[Data entries]
Start of Block
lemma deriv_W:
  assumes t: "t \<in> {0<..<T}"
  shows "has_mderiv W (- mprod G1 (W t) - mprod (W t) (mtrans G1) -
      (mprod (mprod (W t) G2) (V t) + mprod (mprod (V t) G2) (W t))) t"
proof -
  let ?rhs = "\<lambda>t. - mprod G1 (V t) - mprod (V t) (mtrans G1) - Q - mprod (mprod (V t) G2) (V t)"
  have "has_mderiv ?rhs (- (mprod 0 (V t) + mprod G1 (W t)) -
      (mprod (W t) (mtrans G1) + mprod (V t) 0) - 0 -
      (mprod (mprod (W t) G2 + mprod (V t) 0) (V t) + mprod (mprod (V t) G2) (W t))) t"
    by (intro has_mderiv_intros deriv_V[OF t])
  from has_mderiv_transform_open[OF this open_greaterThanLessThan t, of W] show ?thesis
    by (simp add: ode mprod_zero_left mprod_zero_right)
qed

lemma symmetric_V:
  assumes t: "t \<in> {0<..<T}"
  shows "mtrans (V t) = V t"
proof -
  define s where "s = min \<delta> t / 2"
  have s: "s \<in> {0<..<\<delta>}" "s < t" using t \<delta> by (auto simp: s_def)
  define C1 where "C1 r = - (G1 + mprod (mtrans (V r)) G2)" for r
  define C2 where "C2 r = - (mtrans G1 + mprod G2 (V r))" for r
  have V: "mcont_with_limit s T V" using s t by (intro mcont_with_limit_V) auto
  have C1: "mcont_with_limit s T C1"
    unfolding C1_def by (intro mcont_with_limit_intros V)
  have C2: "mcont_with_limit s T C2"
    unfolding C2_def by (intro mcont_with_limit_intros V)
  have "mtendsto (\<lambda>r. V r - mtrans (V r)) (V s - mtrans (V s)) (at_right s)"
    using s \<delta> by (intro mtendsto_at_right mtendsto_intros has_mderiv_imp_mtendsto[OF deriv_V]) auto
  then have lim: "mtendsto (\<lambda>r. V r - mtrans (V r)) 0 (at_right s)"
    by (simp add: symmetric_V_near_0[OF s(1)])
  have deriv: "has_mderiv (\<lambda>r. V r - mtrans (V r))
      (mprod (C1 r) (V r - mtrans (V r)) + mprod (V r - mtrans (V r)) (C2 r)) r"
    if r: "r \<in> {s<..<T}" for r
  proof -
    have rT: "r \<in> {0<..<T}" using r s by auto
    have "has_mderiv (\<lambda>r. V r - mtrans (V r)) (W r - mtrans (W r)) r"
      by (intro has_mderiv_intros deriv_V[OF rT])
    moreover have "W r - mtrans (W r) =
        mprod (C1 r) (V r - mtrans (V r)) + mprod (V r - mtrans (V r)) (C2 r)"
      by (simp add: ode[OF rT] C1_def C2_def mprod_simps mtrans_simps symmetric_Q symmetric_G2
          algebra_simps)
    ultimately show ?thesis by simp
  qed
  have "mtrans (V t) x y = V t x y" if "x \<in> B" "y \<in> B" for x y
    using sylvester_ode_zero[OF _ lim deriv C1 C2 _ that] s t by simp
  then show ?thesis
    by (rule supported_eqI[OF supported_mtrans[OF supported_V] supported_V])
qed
End of Block
Task objective: Find "by (rule supported_eqI[OF" in the records above. Repeat its line and every later line exactly, through the last one.

Response below:
    by (rule supported_eqI[OF supported_mtrans[OF supported_V] supported_V])
qed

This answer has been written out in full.